Coin cleaning in general has no definitive start date, as when any object looks dirty people are usually inclined to clean it. The practice of coin cleaning during the modern era dates to at least the mid-1800s in the United States. In 1857, half cents and large cents became popular with collectors after they were discontinued due to the rising costs of copper. During this time cleansers were used on these coins to try and make them appear mint red again. Another early recorded example involves the Philadelphia coin cabinet. In 1903, many coins in the collection that had once been in proof condition were now partly covered in a white unattractive coating. An investigation found that the coins in the cabinet (displayed in the Philadelphia Mint since 1838) had at some point been cleaned by an attendant using purchased metal polish, as the coins were "tarnished". The cabinet today resides in the Smithsonian.
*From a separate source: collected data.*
definition straddle :: "real \<Rightarrow> real \<Rightarrow> (real \<times> real) set" where
  "straddle r s = {z. fst z \<le> s \<and> s + r < snd z} \<union> {z. snd z \<le> s \<and> s + r < fst z}"

lemma indicator_straddle:
  "indicator (straddle r s) z =
     of_bool (fst z \<le> s \<and> s + r < snd z \<or> snd z \<le> s \<and> s + r < fst z)"
  by (simp add: straddle_def indicator_def)

lemma straddle_in_sets[measurable]: "straddle r s \<in> sets (borel \<Otimes>\<^sub>M borel)"
  unfolding straddle_def by (intro sets.Un Collect_in_sets_pair_borel) measurable

lemma emeasure_lborel_straddle:
  assumes "0 \<le> r"
  shows "emeasure lborel {s. z \<in> straddle r s} = ennreal (max 0 (\<bar>fst z - snd z\<bar> - r))"
proof (cases "fst z \<le> snd z")
  case True
  then have "{s. z \<in> straddle r s} = {fst z ..< snd z - r}"
    using assms by (auto simp: straddle_def)
  then show ?thesis using True by (cases "fst z \<le> snd z - r") (auto simp: max_def)
next
  case False
  then have "{s. z \<in> straddle r s} = {snd z ..< fst z - r}"
    using assms by (auto simp: straddle_def)
  then show ?thesis using False by (cases "snd z \<le> fst z - r") (auto simp: max_def)
qed

lemma nn_integral_indicator_straddle:
  assumes "0 \<le> r"
  shows "(\<integral>\<^sup>+ s. indicator (straddle r s) z \<partial>lborel) = ennreal (max 0 (\<bar>fst z - snd z\<bar> - r))"
proof -
  have "{s. z \<in> straddle r s} =
      {s \<in> space lborel. fst z \<le> s \<and> s + r < snd z \<or> snd z \<le> s \<and> s + r < fst z}"
    by (auto simp: straddle_def)
  also have "\<dots> \<in> sets lborel" by measurable
  finally have "(\<integral>\<^sup>+ s. indicator {s. z \<in> straddle r s} s \<partial>lborel) = emeasure lborel {s. z \<in> straddle r s}"
    by (rule nn_integral_indicator)
  then show ?thesis
    using emeasure_lborel_straddle[OF assms] by (simp add: indicator_def)
qed

lemma powr_dist_eq_nn_integral_straddle:
  assumes p: "1 < p"
  shows "ennreal (\<bar>fst z - snd z\<bar> powr p) = (\<integral>\<^sup>+ t. ennreal (layer_density p (fst t))
           * indicator (straddle (fst t) (snd t)) z \<partial>(lborel \<Otimes>\<^sub>M lborel))"
proof -
  have "(\<lambda>t. ennreal (layer_density p (fst t)) * indicator (straddle (fst t) (snd t)) z)
      \<in> borel_measurable (lborel \<Otimes>\<^sub>M lborel)"
    unfolding indicator_straddle by measurable
  then have "(\<integral>\<^sup>+ t. ennreal (layer_density p (fst t)) * indicator (straddle (fst t) (snd t)) z
        \<partial>(lborel \<Otimes>\<^sub>M lborel))
      = (\<integral>\<^sup>+ r. \<integral>\<^sup>+ s. ennreal (layer_density p r) * indicator (straddle r s) z \<partial>lborel \<partial>lborel)"
    by (simp add: lborel.nn_integral_fst[symmetric])
  also have "\<dots> = (\<integral>\<^sup>+ r. ennreal (layer_density p r * max 0 (\<bar>fst z - snd z\<bar> - r)) \<partial>lborel)"
  proof (rule nn_integral_cong)
    fix r :: real
    show "(\<integral>\<^sup>+ s. ennreal (layer_density p r) * indicator (straddle r s) z \<partial>lborel)
        = ennreal (layer_density p r * max 0 (\<bar>fst z - snd z\<bar> - r))"
    proof (cases "0 < r")
      case True
      have "(\<lambda>s. indicator (straddle r s) z :: ennreal) \<in> borel_measurable lborel"
        unfolding indicator_straddle by measurable
      then show ?thesis
        using True p nn_integral_indicator_straddle[of r z]
        by (simp add: nn_integral_cmult ennreal_mult layer_density_nonneg)
    qed (simp add: layer_density_def)
  qed
  also have "\<dots> = ennreal (\<bar>fst z - snd z\<bar> powr p)"
    using p by (simp add: nn_integral_layer_density)
  finally show ?thesis ..
qed

lemma dist_eq_nn_integral_straddle:
  "ennreal \<bar>fst z - snd z\<bar> = (\<integral>\<^sup>+ s. 1 * indicator (straddle 0 s) z \<partial>lborel)"
  using nn_integral_indicator_straddle[of 0 z] by simp

lemma quantile_coupling_straddle_le:
  assumes d: "real_distribution \<nu>1" "real_distribution \<nu>2" and \<gamma>: "\<gamma> \<in> couplings \<nu>1 \<nu>2"
    and r: "0 \<le> r"
  shows "emeasure (quantile_coupling \<nu>1 \<nu>2) (straddle r s) \<le> emeasure \<gamma> (straddle r s)"
proof -
  let ?A = "{z. fst z \<le> s \<and> s + r < snd z}" and ?B = "{z. snd z \<le> s \<and> s + r < fst z}"
  have AB: "?A \<in> sets (borel \<Otimes>\<^sub>M borel)" "?B \<in> sets (borel \<Otimes>\<^sub>M borel)" "?A \<inter> ?B = {}"
    using r by (auto intro: Collect_in_sets_pair_borel)
  have "sets (quantile_coupling \<nu>1 \<nu>2) = sets (borel \<Otimes>\<^sub>M borel)" "sets \<gamma> = sets (borel \<Otimes>\<^sub>M borel)"
    using \<gamma> by (simp_all add: quantile_coupling_def couplings_def)
  with AB have split: "emeasure M (straddle r s) = emeasure M ?A + emeasure M ?B"
    if "M = quantile_coupling \<nu>1 \<nu>2 \<or> M = \<gamma>" for M
    using that unfolding straddle_def by (intro plus_emeasure[symmetric]) auto
  show ?thesis
    unfolding split[OF disjI1[OF refl]] split[OF disjI2[OF refl]]
    by (intro add_mono quantile_coupling_crossing_le[OF d \<gamma>])
qed

theorem quantile_coupling_optimal:
  assumes p: "1 \<le> p" and d: "real_distribution \<nu>1" "real_distribution \<nu>2"
    and \<gamma>: "\<gamma> \<in> couplings \<nu>1 \<nu>2"
  shows "(\<integral>\<^sup>+ z. ennreal (\<bar>fst z - snd z\<bar> powr p) \<partial>quantile_coupling \<nu>1 \<nu>2)
       \<le> (\<integral>\<^sup>+ z. ennreal (\<bar>fst z - snd z\<bar> powr p) \<partial>\<gamma>)"
proof -
  have q: "quantile_coupling \<nu>1 \<nu>2 \<in> couplings \<nu>1 \<nu>2"
    by (rule quantile_coupling_in_couplings[OF d])
  have sf: "sigma_finite_measure M" "sets M = sets (borel \<Otimes>\<^sub>M borel)"
    if "M \<in> couplings \<nu>1 \<nu>2" for M
    using that by (simp_all add: couplings_def prob_space_imp_sigma_finite)
  show ?thesis
  proof (cases "p = 1")
    case True
    have dist: "ennreal (\<bar>fst z - snd z\<bar> powr p) = (\<integral>\<^sup>+ s. 1 * indicator (straddle 0 s) z \<partial>lborel)" for z
      using True dist_eq_nn_integral_straddle[of z] by simp
    show ?thesis
      unfolding dist by (rule nn_integral_mixture_mono[OF lborel.sigma_finite_measure_axioms sf[OF q] sf[OF \<gamma>]])
         (auto simp: indicator_straddle quantile_coupling_straddle_le[OF d \<gamma>])
  next
    case False
    with p have p1: "1 < p" by simp
    have N: "sigma_finite_measure (lborel \<Otimes>\<^sub>M lborel :: (real \<times> real) measure)"
      by (intro sigma_finite_pair_measure lborel.sigma_finite_measure_axioms)
    show ?thesis
      unfolding powr_dist_eq_nn_integral_straddle[OF p1]
    proof (rule nn_integral_mixture_mono[OF N sf[OF q] sf[OF \<gamma>]])
      fix t :: "real \<times> real"
      assume "ennreal (layer_density p (fst t)) \<noteq> 0"
      then have "0 \<le> fst t" by (auto simp: layer_density_def split: if_splits)
      then show "emeasure (quantile_coupling \<nu>1 \<nu>2) (straddle (fst t) (snd t))
          \<le> emeasure \<gamma> (straddle (fst t) (snd t))"
        by (rule quantile_coupling_straddle_le[OF d \<gamma>])
    qed (simp_all add: indicator_straddle)
  qed
qed

section \<open>Wasserstein distances on the line\<close>

lemma Wpp_eq_nn_integral_quantile:
  assumes p: "1 \<le> p" and d: "real_distribution \<nu>1" "real_distribution \<nu>2"
  shows "Wpp p \<nu>1 \<nu>2 = (\<integral>\<^sup>+ u. ennreal (\<bar>quantile \<nu>1 u - quantile \<nu>2 u\<bar> powr p) \<partial>uniform01)"
proof -
  have "Wpp p \<nu>1 \<nu>2 = (\<integral>\<^sup>+ z. ennreal (\<bar>fst z - snd z\<bar> powr p) \<partial>quantile_coupling \<nu>1 \<nu>2)"
    unfolding Wpp_def
    by (intro antisym INF_lower INF_greatest quantile_coupling_in_couplings[OF d]
        quantile_coupling_optimal[OF p d])
  then show ?thesis
    by (simp add: nn_integral_quantile_coupling[OF d])
qed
By the 1930s the motto "brilliant is best" was adopted by those in the coin collecting community. Coins that were toned were considered tarnished which caused collectors to brighten up their coins with things like abrasives. Penny boards were even made with instructions on how collectors should properly clean their coins by using a pencil eraser with a little bit of vinegar. The widespread practice of "improving" coins continued into the 1960s with advertisements on lotions and potions with the aim of making coins brilliant again.

According to Q. David Bowers, collectors and coin dealers cleaned and dipped their coins then re-dipped them when the toning re-appeared as a result of these messages. Bowers estimated in 1960 that 90 to 95% of the Lincoln cents sold in the marketplace dated 1910 through the late 1920s were brilliant as a result of dipping. Coins that were cleaned also include the Indian Head cent, starting in the 1960s many now scarce dates were "whizzed" with a rotary wire brush which later destroyed them of value.
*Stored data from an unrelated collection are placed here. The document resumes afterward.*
lemma M21_annihilates[simp]: "sig R m (M21 m) = 0" "rho R (M21 m) m = 0"
proof -
  have "gm_jordan R (\<psi> (0,m,0,0)) (0,m,0,0) + gm_jordan R (0,m,0,0) (\<psi> (0,m,0,0)) = 0"
    by (rule orthogonal_pair) (simp_all add: zero_prod_def)
  then have "sig R m (M21 m) + sig R m (M21 m) = 0" "rho R (M21 m) m + rho R (M21 m) m = 0"
    by (simp_all add: gm_jordan_def zero_prod_def \<psi>_M_block algebra_simps)
  then show "sig R m (M21 m) = 0" "rho R (M21 m) m = 0"
    using A_no_2_torsion[of "sig R m (M21 m)"] B_no_2_torsion[of "rho R (M21 m) m"] by simp_all
qed

lemma N12_annihilates[simp]: "sig R (N12 n) n = 0" "rho R n (N12 n) = 0"
proof -
  have "gm_jordan R (\<psi> (0,0,n,0)) (0,0,n,0) + gm_jordan R (0,0,n,0) (\<psi> (0,0,n,0)) = 0"
    by (rule orthogonal_pair) (simp_all add: zero_prod_def)
  then have "sig R (N12 n) n + sig R (N12 n) n = 0" "rho R n (N12 n) + rho R n (N12 n) = 0"
    by (simp_all add: gm_jordan_def zero_prod_def \<psi>_N_block algebra_simps)
  then show "sig R (N12 n) n = 0" "rho R n (N12 n) = 0"
    using A_no_2_torsion[of "sig R (N12 n) n"] B_no_2_torsion[of "rho R n (N12 n)"] by simp_all
qed

lemma orthogonal_pair_M:
  "gm_jordan R (\<psi> (a, actAM R a m, 0, 0)) (0, - actMB R m b, 0, b)
     + gm_jordan R (a, actAM R a m, 0, 0) (\<psi> (0, - actMB R m b, 0, b)) = 0"
  by (rule orthogonal_pair) (simp_all add: zero_prod_def)

lemma orthogonal_pair_N:
  "gm_jordan R (\<psi> (a, 0, actNA R n a, 0)) (0, 0, - actBN R b n, b)
     + gm_jordan R (a, 0, actNA R n a, 0) (\<psi> (0, 0, - actBN R b n, b)) = 0"
  by (rule orthogonal_pair) (simp_all add: zero_prod_def)

lemma M11_eq_0[simp]: "M11 m = 0"
proof -
  have "- (M11 m + M11 m) = fst (gm_jordan R (\<psi> (1, m, 0, 0)) (0, - m, 0, 1)
      + gm_jordan R (1, m, 0, 0) (\<psi> (0, - m, 0, 1)))"
    by (simp add: gm_jordan_def \<psi>_entries algebra_simps)
  also have "\<dots> = 0"
    using orthogonal_pair_M[of 1 m 1] by simp
  finally have "M11 m + M11 m = 0"
    by (simp only: neg_equal_0_iff_equal)
  then show ?thesis
    using A_no_2_torsion by blast
qed

lemma M22_eq_0[simp]: "M22 m = 0"
proof -
  have "M22 m + M22 m = 0"
    using orthogonal_pair_M[of 1 m 1] by (simp add: gm_jordan_def zero_prod_def \<psi>_entries algebra_simps)
  then show ?thesis
    using B_no_2_torsion by blast
qed

lemma N11_eq_0[simp]: "N11 n = 0"
proof -
  have "- (N11 n + N11 n) = fst (gm_jordan R (\<psi> (1, 0, n, 0)) (0, 0, - n, 1)
      + gm_jordan R (1, 0, n, 0) (\<psi> (0, 0, - n, 1)))"
    by (simp add: gm_jordan_def \<psi>_entries algebra_simps)
  also have "\<dots> = 0"
    using orthogonal_pair_N[of 1 n 1] by simp
  finally have "N11 n + N11 n = 0"
    by (simp only: neg_equal_0_iff_equal)
  then show ?thesis
    using A_no_2_torsion by blast
qed

lemma N22_eq_0[simp]: "N22 n = 0"
proof -
  have "N22 n + N22 n = 0"
    using orthogonal_pair_N[of 1 n 1] by (simp add: gm_jordan_def zero_prod_def \<psi>_entries algebra_simps)
  then show ?thesis
    using B_no_2_torsion by blast
qed

lemma orthogonal_pair_M_entries:
  "actMB R (M12 (actAM R a m)) b + actMB R (actAM R a m) (B22 b)
     = actMB R (actAM R (A11 a) m) b + actAM R a (M12 (actMB R m b))"
  "actBN R b (M21 (actAM R a m)) = actNA R (M21 (actMB R m b)) a"
  using orthogonal_pair_M[of a m b] by (simp_all add: gm_jordan_def zero_prod_def \<psi>_entries algebra_simps)

lemma orthogonal_pair_N_entries:
  "actBN R b (N21 (actNA R n a)) + actBN R (B22 b) (actNA R n a)
     = actNA R (actBN R b n) (A11 a) + actNA R (N21 (actBN R b n)) a"
  "actMB R (N12 (actNA R n a)) b = actAM R a (N12 (actBN R b n))"
  using orthogonal_pair_N[of a n b] by (simp_all add: gm_jordan_def zero_prod_def \<psi>_entries algebra_simps)

lemma M12_AM: "M12 (actAM R a m) = actAM R (A11 a) m + actAM R a (M12 m) - actMB R (actAM R a m) d2"
  using orthogonal_pair_M_entries(1)[where b=1] by (simp add: Q_entries algebra_simps)
lemma M12_MB: "M12 (actMB R m b) = actMB R (M12 m) b + actMB R m (B22 b) - actMB R (actAM R d1 m) b"
  using orthogonal_pair_M_entries(1)[where a=1] by (simp add: P_entries algebra_simps)
lemma M21_AM: "M21 (actAM R a m) = actNA R (M21 m) a"
  using orthogonal_pair_M_entries(2)[where b=1] by simp
lemma M21_MB: "M21 (actMB R m b) = actBN R b (M21 m)"
  using orthogonal_pair_M_entries(2)[where a=1] by simp
lemma N12_NA: "N12 (actNA R n a) = actAM R a (N12 n)"
  using orthogonal_pair_N_entries(2)[where b=1] by simp
lemma N12_BN: "N12 (actBN R b n) = actMB R (N12 n) b"
  using orthogonal_pair_N_entries(2)[where a=1] by simp
lemma N21_NA: "N21 (actNA R n a) = actNA R (N21 n) a + actNA R n (A11 a) - actNA R (actBN R d2 n) a"
  using orthogonal_pair_N_entries(1)[where b=1] by (simp add: Q_entries algebra_simps)
lemma N21_BN: "N21 (actBN R b n) = actBN R b (N21 n) + actBN R (B22 b) n - actNA R (actBN R b n) d1"
  using orthogonal_pair_N_entries(1)[where a=1] by (simp add: P_entries algebra_simps)
(* Let $\Pi=(\iota,\tau,\beta)$ be a safety problem over a vocabulary $\Sigma$, let $\varphi(x)$ be a formula over $\Sigma$ with free variable $x$, and let $w$ be a fresh constant symbol not in $\Sigma$. Let $\xi$ be a soundness invariant for $\varphi(w)$ (a closed formula over $\Sigma\cup\{m\}$) and let $\psi$ be a safe inductive invariant of $\Pi^w_\varphi$ (a closed formula over $\Sigma\cup\{w\}$). Then $\xi[\psi/m]$, which is a closed formula over $\Sigma$, is a safe inductive invariant of $\Pi$.
   Context: A first-order vocabulary $\Sigma$ consists of constant, function and relation symbols; $\Sigma'=\{a' : a\in\Sigma\}$ is a disjoint copy, and for a formula $\varphi$, $\varphi'$ denotes $\varphi$ with every vocabulary symbol replaced by its primed copy. A safety problem over $\Sigma$ is a triple $(\iota,\tau,\beta)$, where $\iota,\beta$ are closed formulas over $\Sigma$ and $\tau$ is a closed formula over $\Sigma\uplus\Sigma'$. $A\Rightarrow B$ means the implication $A\to B$ is valid. A closed formula $\chi$ is a safe inductive invariant of $(\iota,\tau,\beta)$ if $\iota\Rightarrow\chi$, $\chi\wedge\tau\Rightarrow\chi'$ and $\chi\Rightarrow\neg\beta$. $\varphi(w)$ is $\varphi$ with $x$ replaced by $w$. The safety problem $\Pi^w_\varphi$ over $\Sigma\cup\{w\}$ is $\big(\iota\wedge\varphi(w),\ \varphi(w)\wedge\tau\wedge w'=w\wedge(\varphi(w))',\ \beta\wedge\varphi(w)\big)$. With $m$ a fresh unary relation symbol, the safety problem $\Pi^{\mathrm{sound}}_\varphi$ over $\Sigma\cup\{m\}$ is $\big(\iota\wedge\forall x.\,\varphi(x)\to m(x),\ \tau\wedge\forall x.\,(m(x)\wedge\varphi(x)\wedge\varphi'(x))\to m'(x),\ \beta\wedge\forall x.\,\varphi(x)\to\neg m(x)\big)$; a soundness invariant for $\varphi(w)$ is a safe inductive invariant of $\Pi^{\mathrm{sound}}_\varphi$. $\xi[\psi/m]$ denotes the formula obtained from $\xi$ by replacing every atom $m(t)$, for any term $t$, with $\psi[t/w]$ ($\psi$ with $w$ replaced by $t$), where bound variables of $\xi$ and $\psi$ are assumed distinct. *)

theory Defs
  imports Main
begin

section \<open>First-order syntax (named variables; constants are 0-ary function symbols)\<close>

datatype 'f trm = Var nat | Fn 'f "'f trm list"

datatype ('f, 'r) fm =
    Bot
  | Atom 'r "'f trm list"
  | Eq "'f trm" "'f trm"
  | Neg "('f, 'r) fm"
  | Conj "('f, 'r) fm" "('f, 'r) fm"
  | Disj "('f, 'r) fm" "('f, 'r) fm"
  | Imp "('f, 'r) fm" "('f, 'r) fm"
  | All nat "('f, 'r) fm"
  | Ex nat "('f, 'r) fm"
The widespread practice of coin cleaning lasted until the invention of third-party grading and sealed coin slabs in the early 1980s. When submitted examples were finally viewed under the microscope and trained naked eye, the effects of treating coins were revealed to be less than ideal. Poorly cleaned coins are now labeled "Improperly Cleaned", which negatively affects their market value depending on severity.

==Professional stance==
Numerous known numismatists have given their opinions over the decades regarding coin cleaning. William H. Sheldon (creator of the Sheldon coin grading scale) wrote an opinion on cleaning old pennies stating: "Many a cent has been ruined in an attempt to improve it. Amateurs, and some who are not so amateur, are forever trying to improve the condition or appearance of an old cent." Richard Snow, who specializes in the field of Flying Eagle and Indian Head cents, wrote that some cleaning techniques could improve the surface of a coin.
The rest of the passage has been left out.